▶ _Requirement_: Go through the material line by line and copy each one with the word "that".

▶ _Source data_:
lemma support_points_perturbation:
  assumes orb: "billiard_orbit \<gamma> \<gamma>' P s" and lift: "normal_lift \<gamma> s \<phi>" and "e > 0"
  shows "\<exists>d>0. \<forall>y. (\<forall>n. n \<le> M \<or> N \<le> n \<longrightarrow> y n = \<phi> n) \<and> (\<forall>n. \<bar>y n - \<phi> n\<bar> < d) \<longrightarrow>
    (\<exists>x. (\<forall>n. n \<le> M \<or> N + 1 \<le> n \<longrightarrow> x n = s n) \<and> (\<forall>n. \<bar>x n - s n\<bar> < e) \<and>
         (\<forall>n\<in>{M..<N}. \<forall>u. inner (\<gamma> u) (cis ((y n + y (n + 1)) / 2))
                             \<le> inner (\<gamma> (x (n + 1))) (cis ((y n + y (n + 1)) / 2))))"
proof -
  obtain d where "d > 0" and d: "\<And>n p t. n \<in> {M..<N} \<Longrightarrow> \<bar>p - (\<phi> n + \<phi> (n + 1)) / 2\<bar> < d \<Longrightarrow>
      \<bar>t - s (n + 1)\<bar> \<le> P / 2 \<Longrightarrow> (\<forall>u. inner (\<gamma> u) (cis p) \<le> inner (\<gamma> t) (cis p)) \<Longrightarrow>
      \<bar>t - s (n + 1)\<bar> < e"
    using uniform_support_point_near[OF orb lift finite_atLeastLessThan_int \<open>e > 0\<close>] by blast
  show ?thesis
  proof (intro exI[of _ d] conjI allI impI \<open>d > 0\<close>)
    fix y assume y: "(\<forall>n. n \<le> M \<or> N \<le> n \<longrightarrow> y n = \<phi> n) \<and> (\<forall>n. \<bar>y n - \<phi> n\<bar> < d)"
    define \<psi> where "\<psi> n = (y n + y (n + 1)) / 2" for n
    have "\<exists>t. \<bar>t - s (n + 1)\<bar> \<le> P / 2 \<and> (\<forall>u. inner (\<gamma> u) (cis (\<psi> n)) \<le> inner (\<gamma> t) (cis (\<psi> n)))" for n
      by (rule support_point_within_half_period)
    then obtain t where t: "\<And>n. \<bar>t n - s (n + 1)\<bar> \<le> P / 2"
      and t_max: "\<And>n u. inner (\<gamma> u) (cis (\<psi> n)) \<le> inner (\<gamma> (t n)) (cis (\<psi> n))"
      using choice[of "\<lambda>n t. \<bar>t - s (n + 1)\<bar> \<le> P / 2 \<and> (\<forall>u. inner (\<gamma> u) (cis (\<psi> n)) \<le> inner (\<gamma> t) (cis (\<psi> n)))"]
      by blast
    define x where "x n = (if M < n \<and> n \<le> N then t (n - 1) else s n)" for n
    show "\<exists>x. (\<forall>n. n \<le> M \<or> N + 1 \<le> n \<longrightarrow> x n = s n) \<and> (\<forall>n. \<bar>x n - s n\<bar> < e) \<and>
         (\<forall>n\<in>{M..<N}. \<forall>u. inner (\<gamma> u) (cis ((y n + y (n + 1)) / 2))
                             \<le> inner (\<gamma> (x (n + 1))) (cis ((y n + y (n + 1)) / 2)))"
    proof (intro exI[of _ x] conjI allI impI ballI)
      show "x n = s n" if "n \<le> M \<or> N + 1 \<le> n" for n using that by (auto simp: x_def)
      show "\<bar>x n - s n\<bar> < e" for n
      proof (cases "M < n \<and> n \<le> N")
        case True
        have "\<bar>y (n - 1) - \<phi> (n - 1)\<bar> < d" "\<bar>y n - \<phi> n\<bar> < d" using y by blast+
        then have "\<bar>\<psi> (n - 1) - (\<phi> (n - 1) + \<phi> n) / 2\<bar> < d"
          unfolding \<psi>_def by (simp add: abs_less_iff field_simps)
        then show ?thesis
          using d[of "n - 1" "\<psi> (n - 1)" "t (n - 1)"] True t[of "n - 1"] t_max by (simp add: x_def)
      qed (use \<open>e > 0\<close> in \<open>auto simp: x_def\<close>)
      show "inner (\<gamma> u) (cis ((y n + y (n + 1)) / 2)) \<le> inner (\<gamma> (x (n + 1))) (cis ((y n + y (n + 1)) / 2))"
        if "n \<in> {M..<N}" for n u
        using that t_max[of u n] by (simp add: x_def \<psi>_def)
    qed
  qed
qed

lemma m_config_L_gen_of_S_gen:
  assumes orb: "billiard_orbit \<gamma> \<gamma>' P s" and lift: "normal_lift \<gamma> s \<phi>"
    and "m_config (S_gen \<gamma>) \<phi>"
  shows "m_config (L_gen \<gamma>) s"
  unfolding m_config_def
proof (intro allI impI)
  fix M N :: int assume "M < N"
  then have "M - 1 < N" "M \<le> N" by simp_all
  then obtain e where "e > 0" and S_max: "\<forall>y. (\<forall>n. n \<le> M - 1 \<or> N \<le> n \<longrightarrow> y n = \<phi> n) \<and>
      (\<forall>n. \<bar>y n - \<phi> n\<bar> < e) \<longrightarrow>
      (\<Sum>n\<in>{M - 1..<N}. S_gen \<gamma> (y n) (y (n + 1))) \<le> (\<Sum>n\<in>{M - 1..<N}. S_gen \<gamma> (\<phi> n) (\<phi> (n + 1)))"
    using assms(3) unfolding m_config_def by blast
  obtain d where "d > 0" and perturb: "\<forall>x. (\<forall>n. n \<le> M \<or> N \<le> n \<longrightarrow> x n = s n) \<and> (\<forall>n. \<bar>x n - s n\<bar> < d) \<longrightarrow>
    (\<exists>y. (\<forall>n. n \<le> M - 1 \<or> N \<le> n \<longrightarrow> y n = \<phi> n) \<and> (\<forall>n. \<bar>y n - \<phi> n\<bar> < e) \<and>
         (\<forall>n. sin ((y (n + 1) - y n) / 2) \<ge> 0) \<and>
         (\<forall>n. \<gamma> (x n) \<noteq> \<gamma> (x (n + 1)) \<longrightarrow> \<i> * cis (y n) = unit_dir (\<gamma> (x n)) (\<gamma> (x (n + 1)))))"
    using chord_angles_perturbation[OF orb lift \<open>e > 0\<close>] by blast
  show "\<exists>d>0. \<forall>x. (\<forall>n. n \<le> M \<or> N \<le> n \<longrightarrow> x n = s n) \<and> (\<forall>n. \<bar>x n - s n\<bar> < d) \<longrightarrow>
      (\<Sum>n\<in>{M..<N}. L_gen \<gamma> (x n) (x (n + 1))) \<le> (\<Sum>n\<in>{M..<N}. L_gen \<gamma> (s n) (s (n + 1)))"
  proof (intro exI[of _ d] conjI allI impI \<open>d > 0\<close>)
    fix x assume x: "(\<forall>n. n \<le> M \<or> N \<le> n \<longrightarrow> x n = s n) \<and> (\<forall>n. \<bar>x n - s n\<bar> < d)"
    then obtain y where y_out: "\<forall>n. n \<le> M - 1 \<or> N \<le> n \<longrightarrow> y n = \<phi> n"
      and y_near: "\<forall>n. \<bar>y n - \<phi> n\<bar> < e" and y_sin: "\<forall>n. sin ((y (n + 1) - y n) / 2) \<ge> 0"
      and y_chord: "\<forall>n. \<gamma> (x n) \<noteq> \<gamma> (x (n + 1)) \<longrightarrow> \<i> * cis (y n) = unit_dir (\<gamma> (x n)) (\<gamma> (x (n + 1)))"
      using perturb by blast
    have ends: "x M = s M" "x N = s N" "y (M - 1) = \<phi> (M - 1)" "y N = \<phi> N" using x y_out by auto
    have S_le: "(\<Sum>n\<in>{M - 1..<N}. S_gen \<gamma> (y n) (y (n + 1))) \<le> (\<Sum>n\<in>{M - 1..<N}. S_gen \<gamma> (\<phi> n) (\<phi> (n + 1)))"
      using S_max y_out y_near by blast
    have "(\<Sum>n\<in>{M..<N}. L_gen \<gamma> (x n) (x (n + 1)))
        \<le> (\<Sum>n\<in>{M - 1..<N}. S_gen \<gamma> (y n) (y (n + 1))) - dir_coord \<gamma> (x M) (y (M - 1)) + dir_coord \<gamma> (x N) (y N)"
      using y_chord y_sin by (intro sum_L_gen_le_sum_S_gen[OF \<open>M \<le> N\<close> bdd_above_inner]) auto
    also have "\<dots> \<le> (\<Sum>n\<in>{M - 1..<N}. S_gen \<gamma> (\<phi> n) (\<phi> (n + 1))) - dir_coord \<gamma> (s M) (\<phi> (M - 1)) + dir_coord \<gamma> (s N) (\<phi> N)"
      using S_le unfolding ends by simp
    also have "\<dots> = (\<Sum>n\<in>{M..<N}. L_gen \<gamma> (s n) (s (n + 1)))"
      by (rule sum_L_gen_eq_sum_S_gen[symmetric])
        (use \<open>M \<le> N\<close> normal_lift_unit_dir[OF lift] reflection_point_support[OF orb lift] in auto)
    finally show "(\<Sum>n\<in>{M..<N}. L_gen \<gamma> (x n) (x (n + 1))) \<le> (\<Sum>n\<in>{M..<N}. L_gen \<gamma> (s n) (s (n + 1)))" .
  qed
qed

lemma m_config_S_gen_of_L_gen:
  assumes orb: "billiard_orbit \<gamma> \<gamma>' P s" and lift: "normal_lift \<gamma> s \<phi>"
    and "m_config (L_gen \<gamma>) s"
  shows "m_config (S_gen \<gamma>) \<phi>"
  unfolding m_config_def
proof (intro allI impI)
  fix M N :: int assume "M < N"
  then have "M < N + 1" "M \<le> N" by simp_all
  then obtain e where "e > 0" and L_max: "\<forall>x. (\<forall>n. n \<le> M \<or> N + 1 \<le> n \<longrightarrow> x n = s n) \<and>
      (\<forall>n. \<bar>x n - s n\<bar> < e) \<longrightarrow>
      (\<Sum>n\<in>{M..<N + 1}. L_gen \<gamma> (x n) (x (n + 1))) \<le> (\<Sum>n\<in>{M..<N + 1}. L_gen \<gamma> (s n) (s (n + 1)))"
    using assms(3) unfolding m_config_def by blast
  obtain d where "d > 0" and perturb: "\<forall>y. (\<forall>n. n \<le> M \<or> N \<le> n \<longrightarrow> y n = \<phi> n) \<and> (\<forall>n. \<bar>y n - \<phi> n\<bar> < d) \<longrightarrow>
    (\<exists>x. (\<forall>n. n \<le> M \<or> N + 1 \<le> n \<longrightarrow> x n = s n) \<and> (\<forall>n. \<bar>x n - s n\<bar> < e) \<and>
         (\<forall>n\<in>{M..<N}. \<forall>u. inner (\<gamma> u) (cis ((y n + y (n + 1)) / 2))
                             \<le> inner (\<gamma> (x (n + 1))) (cis ((y n + y (n + 1)) / 2))))"
    using support_points_perturbation[OF orb lift \<open>e > 0\<close>] by blast
  show "\<exists>d>0. \<forall>y. (\<forall>n. n \<le> M \<or> N \<le> n \<longrightarrow> y n = \<phi> n) \<and> (\<forall>n. \<bar>y n - \<phi> n\<bar> < d) \<longrightarrow>
      (\<Sum>n\<in>{M..<N}. S_gen \<gamma> (y n) (y (n + 1))) \<le> (\<Sum>n\<in>{M..<N}. S_gen \<gamma> (\<phi> n) (\<phi> (n + 1)))"
  proof (intro exI[of _ d] conjI allI impI \<open>d > 0\<close>)
    fix y assume y: "(\<forall>n. n \<le> M \<or> N \<le> n \<longrightarrow> y n = \<phi> n) \<and> (\<forall>n. \<bar>y n - \<phi> n\<bar> < d)"
    then obtain x where x_out: "\<forall>n. n \<le> M \<or> N + 1 \<le> n \<longrightarrow> x n = s n"
      and x_near: "\<forall>n. \<bar>x n - s n\<bar> < e"
      and x_support: "\<forall>n\<in>{M..<N}. \<forall>u. inner (\<gamma> u) (cis ((y n + y (n + 1)) / 2))
                             \<le> inner (\<gamma> (x (n + 1))) (cis ((y n + y (n + 1)) / 2))"
      using perturb by blast
    have ends: "x M = s M" "x (N + 1) = s (N + 1)" "y M = \<phi> M" "y N = \<phi> N" using x_out y by auto
    have L_le: "(\<Sum>n\<in>{M..<N + 1}. L_gen \<gamma> (x n) (x (n + 1))) \<le> (\<Sum>n\<in>{M..<N + 1}. L_gen \<gamma> (s n) (s (n + 1)))"
      using L_max x_out x_near by blast
    have "(\<Sum>n\<in>{M..<N}. S_gen \<gamma> (y n) (y (n + 1)))
        \<le> (\<Sum>n\<in>{M..<N + 1}. L_gen \<gamma> (x n) (x (n + 1))) + dir_coord \<gamma> (x M) (y M) - dir_coord \<gamma> (x (N + 1)) (y N)"
      using x_support by (intro sum_S_gen_le_sum_L_gen[OF \<open>M \<le> N\<close>]) auto
    also have "\<dots> \<le> (\<Sum>n\<in>{M..<N + 1}. L_gen \<gamma> (s n) (s (n + 1))) + dir_coord \<gamma> (s M) (\<phi> M) - dir_coord \<gamma> (s (N + 1)) (\<phi> N)"
      using L_le unfolding ends by simp
    also have "\<dots> = (\<Sum>n\<in>{M..<N}. S_gen \<gamma> (\<phi> n) (\<phi> (n + 1)))"
      by (rule sum_S_gen_eq_sum_L_gen[symmetric])
        (use \<open>M \<le> N\<close> normal_lift_unit_dir[OF lift] reflection_point_support[OF orb lift] in auto)
    finally show "(\<Sum>n\<in>{M..<N}. S_gen \<gamma> (y n) (y (n + 1))) \<le> (\<Sum>n\<in>{M..<N}. S_gen \<gamma> (\<phi> n) (\<phi> (n + 1)))" .
  qed
qed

▶ _Answer below_:
      show "x n = s n" if "n \<le> M \<or> N + 1 \<le> n" for n using that by (auto simp: x_def)
        using that t_max[of u n] by (simp add: x_def \<psi>_def)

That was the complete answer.